What We’re Expecting From the Streets Plan Under Mamdani
“We’re bringing the Streets Master Plan back to life,” Mayor Mamdani announced on February 13. Flanked by DOT Commissioner Mike Flynn and MTA Chair Janno Leiber, the press conference — relaunching pedestrian, bike, and bus projects stalled by the Adams administration — was the highest level of interagency transportation coordination that New York City has seen in … well, about four years.
This was what the Streets Plan was meant to do — force mayors to coordinate city agencies to bring our streets in line with our ambitions, from air quality improvements to Vision Zero. Passed into law by the New York City Council in 2019, the Streets Plan set ambitious metrics for bike lane mileage, bus lane mileage, and, for a time, pedestrian plaza acreage, and thorough requirements to plan ahead, publicly, and report on progress.
Mayor Eric Adams governed like he had never heard of them. It appears that the Mamdani administration may be taking a different tack.

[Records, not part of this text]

(* For $i\in\mathbb N$ and $j\in\mathbb N$ define $$l_{i,j}=\sum_{k=0}^{i-j}\binom{\frac{i-1}{2}+x-k}{k}\binom{\frac{i-1}{2}+k-x}{i-j-k}$$ (a quantity independent of $x$; equal to $0$ when $j>i$, as an empty sum). Then $l_{i,0}=(-1)^i$ and $l_{i,i}=1$ for all $i\in\mathbb N$, and $l_{i,j}=l_{i-1,j-1}+l_{i-1,j}$ for all $i\ge1$ and $1\le j\le i$.
   Context: For $z\in\mathbb C$ and $k\in\mathbb N$, $\binom{z}{k}=\frac{z(z-1)\cdots(z-k+1)}{k!}$. The sum defining $l_{i,j}$ is a polynomial in $x$ which is constant in $x$, so $l_{i,j}$ is a well-defined number (e.g. its value at $x=0$). *)

theory Defs
  imports Complex_Main
begin

definition lsum :: "nat \<Rightarrow> nat \<Rightarrow> complex \<Rightarrow> complex" where
  "lsum i j x = (if j \<le> i then
     (\<Sum>k::nat = 0..i - j.
        (((of_nat i - 1) / 2 + x - of_nat k) gchoose k)
      * (((of_nat i - 1) / 2 + of_nat k - x) gchoose (i - j - k)))
   else 0)"

text \<open>l(i,j): the (x-independent) value, taken at x = 0.\<close>
definition l :: "nat \<Rightarrow> nat \<Rightarrow> complex" where
  "l i j = lsum i j 0"

end

theory Submission
  imports Defs "HOL-Computational_Algebra.Polynomial"
begin

text \<open>
  Write \<open>S A B n = \<Sum>\<^sub>k (A - k gchoose k) (B + k gchoose n - k)\<close>, so that
  \<open>l i j = S c c (i - j)\<close> with \<open>c = (i - 1)/2\<close>. Pascal's rule applied to the
  first, resp. the second factor gives two recurrences in \<open>n\<close>; together they show by
  induction that \<open>S A B n\<close> is unchanged when \<open>A\<close> is raised and \<open>B\<close> lowered by \<open>1\<close>.
  As \<open>S (A + t) (B - t) n\<close> is a polynomial in \<open>t\<close> that is constant on the naturals,
  \<open>S A B n\<close> depends only on \<open>A + B\<close>. Hence \<open>l i j = S (i - 1) 0 (i - j)\<close>: the
  column \<open>j = 0\<close> is then a sum in which only the last term survives, and the
  recurrence in \<open>B\<close> becomes Pascal's rule for \<open>l\<close>.
\<close>

definition skew_gbinomial_sum :: "'a::field_char_0 \<Rightarrow> 'a \<Rightarrow> nat \<Rightarrow> 'a" where
  "skew_gbinomial_sum A B n = (\<Sum>k\<le>n. ((A - of_nat k) gchoose k) * ((B + of_nat k) gchoose (n - k)))"

lemma skew_gbinomial_sum_0 [simp]: "skew_gbinomial_sum A B 0 = 1"
  by (simp add: skew_gbinomial_sum_def)

lemma skew_gbinomial_sum_Suc_right:
  "skew_gbinomial_sum A B (Suc n) = skew_gbinomial_sum A (B - 1) (Suc n) + skew_gbinomial_sum A (B - 1) n"
proof -
  have pascal: "(B + of_nat k) gchoose (Suc n - k) =
      ((B - 1 + of_nat k) gchoose (Suc n - k)) + ((B - 1 + of_nat k) gchoose (n - k))"
    if "k \<le> n" for k
  proof -
    have "Suc n - k = Suc (n - k)" using that by simp
    moreover have "B + of_nat k = (B - 1 + of_nat k) + 1" by simp
    ultimately show ?thesis by (metis gbinomial_Suc_Suc add.commute)
  qed
  have "skew_gbinomial_sum A B (Suc n) =
      (\<Sum>k\<le>n. ((A - of_nat k) gchoose k) * ((B + of_nat k) gchoose (Suc n - k)))
      + ((A - of_nat (Suc n)) gchoose (Suc n))"
    by (simp add: skew_gbinomial_sum_def)
  also have "\<dots> = skew_gbinomial_sum A (B - 1) (Suc n) + skew_gbinomial_sum A (B - 1) n"
    by (simp add: skew_gbinomial_sum_def pascal distrib_left sum.distrib)
  finally show ?thesis .
qed

lemma skew_gbinomial_sum_Suc_left:
  "skew_gbinomial_sum A B (Suc n) = skew_gbinomial_sum (A - 1) B (Suc n) + skew_gbinomial_sum (A - 2) (B + 1) n"
proof -
  have split_first: "skew_gbinomial_sum C D (Suc n) = (D gchoose (Suc n)) +
      (\<Sum>k\<le>n. ((C - of_nat (Suc k)) gchoose (Suc k)) * ((D + of_nat (Suc k)) gchoose (n - k)))" for C D
    unfolding skew_gbinomial_sum_def by (subst sum.atMost_Suc_shift) simp
  have pascal: "(A - of_nat (Suc k)) gchoose (Suc k) =
      ((A - 1 - of_nat (Suc k)) gchoose (Suc k)) + ((A - 2 - of_nat k) gchoose k)" for k
  proof -
    have "A - of_nat (Suc k) = (A - 1 - of_nat (Suc k)) + 1"
      and "A - 1 - of_nat (Suc k) = A - 2 - of_nat k" by simp_all
    then show ?thesis by (metis gbinomial_Suc_Suc add.commute)
  qed
  have "skew_gbinomial_sum A B (Suc n) = skew_gbinomial_sum (A - 1) B (Suc n) +
      (\<Sum>k\<le>n. ((A - 2 - of_nat k) gchoose k) * ((B + of_nat (Suc k)) gchoose (n - k)))"
    using pascal by (simp add: split_first distrib_right sum.distrib)
  also have "(\<Sum>k\<le>n. ((A - 2 - of_nat k) gchoose k) * ((B + of_nat (Suc k)) gchoose (n - k)))
      = skew_gbinomial_sum (A - 2) (B + 1) n"
    unfolding skew_gbinomial_sum_def by (intro sum.cong) (simp_all add: algebra_simps)
  finally show ?thesis .
qed

lemma skew_gbinomial_sum_shift_1:
  "skew_gbinomial_sum (A + 1) (B - 1) n = skew_gbinomial_sum A B n"
proof (induction n arbitrary: A B)
  case 0
  show ?case by simp
next
  case (Suc n)
  have "skew_gbinomial_sum (A + 1) (B - 1) (Suc n) =
      skew_gbinomial_sum A (B - 1) (Suc n) + skew_gbinomial_sum (A - 1) B n"
    using skew_gbinomial_sum_Suc_left[of "A + 1" "B - 1" n] by (simp add: algebra_simps)
  also have "skew_gbinomial_sum (A - 1) B n = skew_gbinomial_sum A (B - 1) n"
    using Suc.IH[of "A - 1" B] by simp
  finally show ?case
    using skew_gbinomial_sum_Suc_right[of A B n] by simp
qed

lemma skew_gbinomial_sum_shift_of_nat:
  "skew_gbinomial_sum (A + of_nat m) (B - of_nat m) n = skew_gbinomial_sum A B n"
proof (induction m)
  case 0
  show ?case by simp
next
  case (Suc m)
  then show ?case
    using skew_gbinomial_sum_shift_1[of "A + of_nat m" "B - of_nat m" n]
    by (simp add: algebra_simps)
qed

lemma poly_eq_const_if_of_nat:
  fixes p :: "'a::{idom, ring_char_0} poly"
  assumes "\<And>m. poly p (of_nat m) = c"
  shows "poly p x = c"
proof -
  have "range (of_nat :: nat \<Rightarrow> 'a) \<subseteq> {x. poly (p - [:c:]) x = 0}"
    using assms by auto
  moreover have "infinite (range (of_nat :: nat \<Rightarrow> 'a))"
    by (simp add: finite_image_iff inj_of_nat)
  ultimately have "p - [:c:] = 0"
    using poly_roots_finite finite_subset by blast
  then show ?thesis by simp
qed

lemma gbinomial_linear_poly:
  "\<exists>p. \<forall>t. poly p t = ((a + b * t) gchoose k :: 'a::field_char_0)"
proof
  show "\<forall>t. poly (smult (1 / fact k) (\<Prod>i<k. [:a - of_nat i, b:])) t = (a + b * t) gchoose k"
    by (simp add: gbinomial_prod_rev poly_prod algebra_simps atLeast0LessThan)
qed

lemma skew_gbinomial_sum_shift_poly:
  "\<exists>p. \<forall>t. poly p t = skew_gbinomial_sum (A + t) (B - t) n"
proof -
  have "\<exists>p. \<forall>t. poly p t = ((A - of_nat k + 1 * t) gchoose k) * ((B + of_nat k + (-1) * t) gchoose (n - k))"
    for k
  proof -
    obtain p q where "\<forall>t. poly p t = (A - of_nat k + 1 * t) gchoose k"
      and "\<forall>t. poly q t = (B + of_nat k + (-1) * t) gchoose (n - k)"
      using gbinomial_linear_poly by metis
    then show ?thesis by (intro exI[of _ "p * q"]) simp
  qed
  then obtain P where P: "\<And>k t. poly (P k) t =
      ((A - of_nat k + 1 * t) gchoose k) * ((B + of_nat k + (-1) * t) gchoose (n - k))"
    by metis
  show ?thesis
    by (rule exI[of _ "\<Sum>k\<le>n. P k"]) (simp add: poly_sum P skew_gbinomial_sum_def algebra_simps)
qed

lemma skew_gbinomial_sum_shift:
  "skew_gbinomial_sum (A + t) (B - t) n = skew_gbinomial_sum A B n"
proof -
  obtain p where "\<And>t. poly p t = skew_gbinomial_sum (A + t) (B - t) n"
    using skew_gbinomial_sum_shift_poly by blast
  then show ?thesis
    using poly_eq_const_if_of_nat[of p] skew_gbinomial_sum_shift_of_nat by metis
qed

lemma skew_gbinomial_sum_eq_right_0:
  "skew_gbinomial_sum A B n = skew_gbinomial_sum (A + B) 0 n"
  using skew_gbinomial_sum_shift[of A B B n] by simp

lemma skew_gbinomial_sum_right_0_Suc:
  "skew_gbinomial_sum A 0 (Suc n) = skew_gbinomial_sum (A - 1) 0 (Suc n) + skew_gbinomial_sum (A - 1) 0 n"
  using skew_gbinomial_sum_Suc_right[of A 0 n] skew_gbinomial_sum_eq_right_0[of A "- 1"] by simp

lemma skew_gbinomial_sum_of_nat_minus_1:
  "skew_gbinomial_sum (of_nat n - 1) 0 n = (-1) ^ n"
proof (cases n)
  case 0
  then show ?thesis by simp
next
  case (Suc n')
  have vanishing: "((of_nat n - 1 - of_nat k :: 'a) gchoose k) * (of_nat k gchoose (n - k)) = 0"
    if "k \<le> n'" for k
  proof -
    have shifted_nat: "(of_nat n - 1 - of_nat k :: 'a) = of_nat (n' - k)"
      using that Suc by (simp add: of_nat_diff)
    have "(n' - k) choose k = 0 \<or> k choose (n - k) = 0"
      using that Suc by auto
    then show ?thesis
      unfolding shifted_nat by (auto simp flip: binomial_gbinomial)
  qed
  have "skew_gbinomial_sum (of_nat n - 1) 0 n =
      (\<Sum>k\<le>n'. ((of_nat n - 1 - of_nat k :: 'a) gchoose k) * (of_nat k gchoose (n - k)))
      + ((of_nat n - 1 - of_nat n) gchoose n) * (of_nat n gchoose (n - n))"
    unfolding skew_gbinomial_sum_def Suc by simp
  also have "\<dots> = (-1 gchoose n)"
    using vanishing by (simp add: sum.neutral)
  also have "\<dots> = (-1) ^ n"
    using gbinomial_minus[of "1::'a" n] by (simp add: binomial_gbinomial[of n n, symmetric])
  finally show ?thesis .
qed

lemma l_eq_skew_gbinomial_sum:
  assumes "j \<le> i"
  shows "l i j = skew_gbinomial_sum (of_nat i - 1) 0 (i - j)"
proof -
  have "l i j = skew_gbinomial_sum ((of_nat i - 1) / 2) ((of_nat i - 1) / 2) (i - j)"
    using assms by (simp add: l_def lsum_def skew_gbinomial_sum_def atLeast0AtMost)
  also have "\<dots> = skew_gbinomial_sum (of_nat i - 1) 0 (i - j)"
    by (subst skew_gbinomial_sum_eq_right_0) simp
  finally show ?thesis .
qed

theorem proposition4p4:
  shows "(\<forall>i. l i 0 = (-1) ^ i) \<and> (\<forall>i. l i i = 1) \<and>
         (\<forall>i j. 1 \<le> i \<and> 1 \<le> j \<and> j \<le> i \<longrightarrow> l i j = l (i - 1) (j - 1) + l (i - 1) j)"
proof (intro conjI allI impI)
  fix i :: nat
  show "l i 0 = (-1) ^ i"
    by (simp add: l_eq_skew_gbinomial_sum skew_gbinomial_sum_of_nat_minus_1)
next
  fix i :: nat
  show "l i i = 1"
    by (simp add: l_eq_skew_gbinomial_sum)
next
  fix i j :: nat
  assume "1 \<le> i \<and> 1 \<le> j \<and> j \<le> i"
  then obtain i' j' where ij: "i = Suc i'" "j = Suc j'" "j' \<le> i'"
    by (metis Suc_le_D Suc_le_mono One_nat_def)
  show "l i j = l (i - 1) (j - 1) + l (i - 1) j"
  proof (cases "j' = i'")
    case True
    then show ?thesis
      using ij by (simp add: l_eq_skew_gbinomial_sum l_def lsum_def)
  next
    case False
    with ij obtain m where "i - j = Suc m" "i - 1 - j = m"
      by (metis Suc_diff_Suc diff_Suc_1 diff_Suc_Suc le_neq_implies_less)
    then show ?thesis
      using ij skew_gbinomial_sum_right_0_Suc[of "of_nat i' :: complex" m]
      by (simp add: l_eq_skew_gbinomial_sum)
  qed
qed

end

As mayor, Mamdani said he wanted to make New York City’s streets the envy of the world. His earlier announcement indicates that it may be more than just rhetoric. However, he has his work cut out for him.
On March 3, at a hearing on the Streets Plan before the New York City Council, DOT Commissioner Mike Flynn will testify as to what’s been done, what remains, and how he is planning to get it done. We have a few suggestions:
One, fully fund and staff the Department of Transportation. The resources and expertise to address existing shortfalls and move forward are ready and available.
Two, implement Sammy’s Law 20 mph zones in every New York City school zone. With hardened gateways and traffic calming within a ½ mile of every school, the City of New York can focus resources on the most needful locations while making wide tracts of the city safer.
Three, expedite the Streets Plan. To address the shortfalls of the Adams administration, encourage the Department of Transportation to expand its technical staff and equipment for concrete pouring and curb installation, permit the agency to move forward independently to harden and make permanent bike lanes and pedestrian space, and provide resources to expand municipal concrete and asphalt production. Allow the DOT to count the hardening of existing bike lanes and pedestrian space, with at-grade construction and concrete buildouts, toward Streets Plan mileage and square footage.
Four, reimplement and expand pedestrian plaza metrics. Unlike other metrics, the original annual requirements for pedestrian space in the Streets Plan ended in 2023. Space for people on foot should be a permanent, non-sunsetting feature of the Streets Plan. Commit to building a pedestrian plaza in every community board district without one in the next three years.
Five, catch up to the legal requirements of the Streets Plan. Mayor Adams’ complete disregard for the law set a dangerous precedent for disregarding the powers of the City Council, and leaves New Yorkers at risk. Set an expectation that the administration must correct the shortfalls of prior years and meet the numeric metrics required by law each year.
Six, set outcome targets. While the metrics set by the Streets Plan are essential to meet, the quality of those metrics -- as measured by their use -- is also important. Measure the effectiveness of the Streets Plan by setting goals for use, such as 1 million daily bike rides by 2030, citywide bus speeds increasing by 20%, a 10% reduction in transportation pollution, a 20% increase in plaza visitors, and 75% of trips shifted to sustainable modes by 2035.
And last, dictate a focus on a connected network of protected bike lanes. No bike lane should ever end without connecting to another. The bike network is riddled with gaps and glaring omissions. As the DOT plans additions to the protected bike lane network, the focus should be on those disconnected destinations.
When the City Council passed the Streets Plan, it transformed New Yorkers’ understanding of the potential of streets and transportation — and set safety as an urgent, ambitious goal for City Hall. While mayoral administrations have too often failed to meet that urgency and ambition, the current administration and the next edition of the Streets Plan have the potential to match aspiration and action.